GENEL
EYT'lilerden “Şalgamlı, Simitli” eylem
08.09.1999 Tarihinde çıkarılan 4447 sayılı yasanın yürürlüğe girdikten sonra geriye doğru işletilmesi nedeniyle mağdur olan ve gasp edilen haklarının bir an önce geri verilmesi için verdikleri mücadele kapsamında birbirinden ses getirici eylemlere imza atan Emeklilikte Yaşa Takılanlar, bu kez Adana’da buluşarak “Şalgamlı, Simitli” eylem yaptılar.

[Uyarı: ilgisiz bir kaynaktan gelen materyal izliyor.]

definition KCc :: "(bool list \<Rightarrow> bool list \<Rightarrow> bool list option) \<Rightarrow> bool list \<Rightarrow> bool list \<Rightarrow> nat" where
  "KCc V x y = (LEAST k. \<exists>p. length p = k \<and> V p y = Some x)"

definition dependent :: "(bool list \<Rightarrow> bool list option) \<Rightarrow> (bool list \<Rightarrow> bool list \<Rightarrow> bool list option)
    \<Rightarrow> nat \<Rightarrow> bool list \<Rightarrow> bool list \<Rightarrow> bool" where
  "dependent U V \<alpha> y x \<longleftrightarrow> int (KC U y) - int (KCc V y x) \<ge> int \<alpha> \<or> x = y"

end

theory Submission
  imports Defs
begin

text \<open>Let \<open>c\<close> be the overhead with which the conditional machine simulates the machine that,
on program \<open>q\<close> and condition \<open>pre 1 0...0\<close>, runs the plain machine on \<open>pre q\<close>; put \<open>t = \<alpha> + c\<close>.
If \<open>C(y) \<ge> t\<close>, split a shortest program for \<open>y\<close> into its first \<open>t\<close> bits \<open>pre\<close> and the rest \<open>q\<close>:
then \<open>C(y | pre 1 0...0) \<le> C(y) - t + c = C(y) - \<alpha>\<close>. The \<open>2^t\<close> padded prefixes together with
the fewer than \<open>2^t\<close> strings of complexity below \<open>t\<close> form a set of size at most
\<open>2^(\<alpha> + c + 1) \<le> n^12 2^\<alpha>\<close> once \<open>n \<ge> 2^(c + 1)\<close>.\<close>

section \<open>Recursive functions computing total functions\<close>

inductive_cases eval_ZeroE: "eval Zero xs z"
inductive_cases eval_SuccE: "eval Succ xs z"
inductive_cases eval_ProjE: "eval (Proj i) xs z"
inductive_cases eval_CompE: "eval (Comp f gs) xs z"
inductive_cases eval_PrimE: "eval (Prim f g) xs z"

definition computes :: "recf \<Rightarrow> nat \<Rightarrow> (nat list \<Rightarrow> nat) \<Rightarrow> bool" where
  "computes r n f \<longleftrightarrow> (\<forall>xs z. length xs = n \<longrightarrow> (eval r xs z \<longleftrightarrow> z = f xs))"

lemma computes_cong:
  "computes r n f \<Longrightarrow> (\<And>xs. length xs = n \<Longrightarrow> f xs = g xs) \<Longrightarrow> computes r n g"
  by (simp add: computes_def)

lemma computes_unary_cong:
  "computes r (Suc 0) f \<Longrightarrow> (\<And>a. f [a] = g [a]) \<Longrightarrow> computes r 1 g"
  unfolding computes_def by (metis One_nat_def length_0_conv length_Suc_conv)

lemma computes_binary_cong:
  "computes r (Suc (Suc 0)) f \<Longrightarrow> (\<And>a b. f [a, b] = g [a, b]) \<Longrightarrow> computes r 2 g"
  unfolding computes_def numeral_2_eq_2 by (auto simp: length_Suc_conv)

lemma computes_Zero: "computes Zero n (\<lambda>_. 0)"
  by (auto simp: computes_def intro: eval_zero elim: eval_ZeroE)

lemma computes_Succ: "computes Succ (Suc n) (\<lambda>xs. Suc (hd xs))"
  by (auto simp: computes_def length_Suc_conv intro: eval_succ elim: eval_SuccE)

lemma computes_Succ1: "computes Succ 1 (\<lambda>xs. Suc (hd xs))"
  using computes_Succ[of 0] by simp

lemma computes_Proj: "i < n \<Longrightarrow> computes (Proj i) n (\<lambda>xs. xs ! i)"
  by (auto simp: computes_def intro: eval_proj elim: eval_ProjE)

lemma list_all2_eval_iff:
  assumes "list_all2 (\<lambda>g h. computes g n h) gs hs" and "length xs = n"
  shows "list_all2 (\<lambda>g y. eval g xs y) gs ys \<longleftrightarrow> ys = map (\<lambda>h. h xs) hs"
  using assms
proof (induction gs hs arbitrary: ys rule: list_all2_induct)
  case Nil
  then show ?case by simp
next
  case (Cons g gs h hs)
  then show ?case by (cases ys) (auto simp: computes_def)
qed

lemma computes_Comp:
  assumes f: "computes f (length gs) fo" and gs: "list_all2 (\<lambda>g h. computes g n h) gs hs"
  shows "computes (Comp f gs) n (\<lambda>xs. fo (map (\<lambda>h. h xs) hs))"
  unfolding computes_def
proof (intro allI impI)
  fix xs :: "nat list" and z assume n: "length xs = n"
  have "length (map (\<lambda>h. h xs) hs) = length gs"
    using gs by (simp add: list_all2_lengthD)
  then show "eval (Comp f gs) xs z \<longleftrightarrow> z = fo (map (\<lambda>h. h xs) hs)"
    using list_all2_eval_iff[OF gs n] f
    by (auto simp: computes_def intro: eval_comp elim: eval_CompE)
qed

lemma computes_Comp1:
  "computes f 1 fo \<Longrightarrow> computes g n h \<Longrightarrow> computes (Comp f [g]) n (\<lambda>xs. fo [h xs])"
  using computes_Comp[of f "[g]" fo n "[h]"] by simp

lemma computes_Comp2:
  "computes f 2 fo \<Longrightarrow> computes g1 n h1 \<Longrightarrow> computes g2 n h2 \<Longrightarrow>
   computes (Comp f [g1, g2]) n (\<lambda>xs. fo [h1 xs, h2 xs])"
  using computes_Comp[of f "[g1, g2]" fo n "[h1, h2]"] by (simp add: numeral_2_eq_2)

lemma eval_Comp1_iff:
  "computes g n h \<Longrightarrow> length xs = n \<Longrightarrow> eval (Comp f [g]) xs z \<longleftrightarrow> eval f [h xs] z"
  by (auto simp: computes_def list_all2_Cons1 intro: eval_comp elim!: eval_CompE)

lemma computes_Prim:
  assumes f: "computes f n fo" and g: "computes g (Suc (Suc n)) go"
  shows "computes (Prim f g) (Suc n)
           (\<lambda>xs. rec_nat (fo (tl xs)) (\<lambda>k y. go (y # k # tl xs)) (hd xs))"
  unfolding computes_def
proof (intro allI impI)
  fix xs :: "nat list" and z assume "length xs = Suc n"
  then obtain m ys where xs: "xs = m # ys" and ys: "length ys = n"
    by (cases xs) auto
  have "\<forall>z. eval (Prim f g) (m # ys) z \<longleftrightarrow> z = rec_nat (fo ys) (\<lambda>k y. go (y # k # ys)) m"
  proof (induction m)
    case 0
    show ?case
      using f ys by (auto simp: computes_def intro: eval_prim0 elim: eval_PrimE)
  next
    case (Suc m)
    show ?case
      using Suc g ys by (auto simp: computes_def intro: eval_primS elim: eval_PrimE)
  qed
  then show "eval (Prim f g) xs z \<longleftrightarrow>
      z = rec_nat (fo (tl xs)) (\<lambda>k y. go (y # k # tl xs)) (hd xs)"
    using xs by simp
qed

definition rec_one :: recf where
  "rec_one = Comp Succ [Zero]"

lemma computes_rec_one: "computes rec_one n (\<lambda>_. 1)"
  unfolding rec_one_def
  by (rule computes_cong[OF computes_Comp1[OF computes_Succ1 computes_Zero]]) simp

definition rec_add :: recf where
  "rec_add = Prim (Proj 0) (Comp Succ [Proj 0])"

lemma computes_rec_add: "computes rec_add 2 (\<lambda>xs. xs ! 0 + xs ! 1)"
proof -
  have "computes (Comp Succ [Proj 0]) 3 (\<lambda>xs. Suc (xs ! 0))"
    by (rule computes_cong[OF computes_Comp1[OF computes_Succ1 computes_Proj]]) auto
  then have "computes rec_add (Suc (Suc 0))
      (\<lambda>xs. rec_nat (tl xs ! 0) (\<lambda>k y. Suc ((y # k # tl xs) ! 0)) (hd xs))"
    unfolding rec_add_def by (intro computes_Prim computes_Proj) (simp_all add: numeral_3_eq_3)
  then show ?thesis
    by (rule computes_binary_cong) (induct_tac a, auto)
qed

definition rec_mult :: recf where
  "rec_mult = Prim Zero (Comp rec_add [Proj 0, Proj 2])"

lemma computes_rec_mult: "computes rec_mult 2 (\<lambda>xs. xs ! 0 * xs ! 1)"
proof -
  have "computes (Comp rec_add [Proj 0, Proj 2]) 3 (\<lambda>xs. xs ! 0 + xs ! 2)"
    by (rule computes_cong[OF computes_Comp2[OF computes_rec_add computes_Proj computes_Proj]]) auto
  then have "computes rec_mult (Suc (Suc 0))
      (\<lambda>xs. rec_nat 0 (\<lambda>k y. (y # k # tl xs) ! 0 + (y # k # tl xs) ! 2) (hd xs))"
    unfolding rec_mult_def by (intro computes_Prim computes_Zero) (simp add: numeral_3_eq_3)
  then show ?thesis
    by (rule computes_binary_cong) (induct_tac a, auto)
qed

definition rec_dec :: recf where
  "rec_dec = Prim Zero (Proj 1)"

lemma computes_rec_dec: "computes rec_dec 1 (\<lambda>xs. xs ! 0 - 1)"
proof -
  have "computes rec_dec (Suc 0) (\<lambda>xs. rec_nat 0 (\<lambda>k y. (y # k # tl xs) ! 1) (hd xs))"
    unfolding rec_dec_def by (intro computes_Prim computes_Zero computes_Proj) simp
  then show ?thesis
    by (rule computes_unary_cong) (case_tac a, auto)
qed

definition rec_diff :: recf where
  "rec_diff = Comp (Prim (Proj 0) (Comp rec_dec [Proj 0])) [Proj 1, Proj 0]"

lemma computes_rec_diff: "computes rec_diff 2 (\<lambda>xs. xs ! 0 - xs ! 1)"
proof -
  have "computes (Comp rec_dec [Proj 0]) 3 (\<lambda>xs. xs ! 0 - 1)"
    by (rule computes_cong[OF computes_Comp1[OF computes_rec_dec computes_Proj]]) auto
  then have "computes (Prim (Proj 0) (Comp rec_dec [Proj 0])) (Suc (Suc 0))
      (\<lambda>xs. rec_nat (tl xs ! 0) (\<lambda>k y. (y # k # tl xs) ! 0 - 1) (hd xs))"
    by (intro computes_Prim computes_Proj) (simp_all add: numeral_3_eq_3)
  then have "computes (Prim (Proj 0) (Comp rec_dec [Proj 0])) 2 (\<lambda>xs. xs ! 1 - xs ! 0)"
    by (rule computes_binary_cong) (induct_tac a, auto)
  then show ?thesis
    unfolding rec_diff_def
    by (rule computes_cong[OF computes_Comp2[OF _ computes_Proj computes_Proj]]) auto
qed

Yaklaşık 500 kişinin katıldığı eyleme, çok sayıda siyasi parti, sendika ve sivil toplum örgütü temsilcileri de eyleme katılarak Emeklilikte Yaşa Takılan mağdurlara destek verdiler.
Yurdun dört bir yanından yola çıkarak Adana İnönü Parkı’nda buluşarak boğazlarına zincir takan ve kefen giyen ve Emeklilikte Yaşa Takılanlar, “Beraber yürüdük biz bu meydanlarda, Beraber ezildik çıkan yasada, Şimdi dinlediğim tüm sloganlarda, Bize her şey sandığı hatırlatıyor”, “Yaşımızı başımızı aldık, maaşımızı alamadık”, “Emeklilik hakkımız öke söke alırız”, “Hem yaşa takıldık hem maaşa, gelde sen bu sistemde yaşa”, “Edirne’den Kars’a ne zaman çıkacak bu yasa?”, “Af değil hak istiyoruz”, “Herkese var, Hak edene yok”, “Gasp edilmiş emeklilik hakkımızı istiyoruz”, "Bitmezse bu çile, oy veremeyiz bile bile", "Mezarda emekliliğe hayır", "444 Yedi, bizim paraları kim yedi", "İnsanı yaşat ki Devlet yaşasın", "Haksızlık karşısında susan dilsiz şeytandır", "Maç devam ederken kural değişmez", "5 Milyon ailenin emeği çalındı", “Tam mevcut burada yok, sandıkta belli olacak” pankart ve dövizleri taşıdılar.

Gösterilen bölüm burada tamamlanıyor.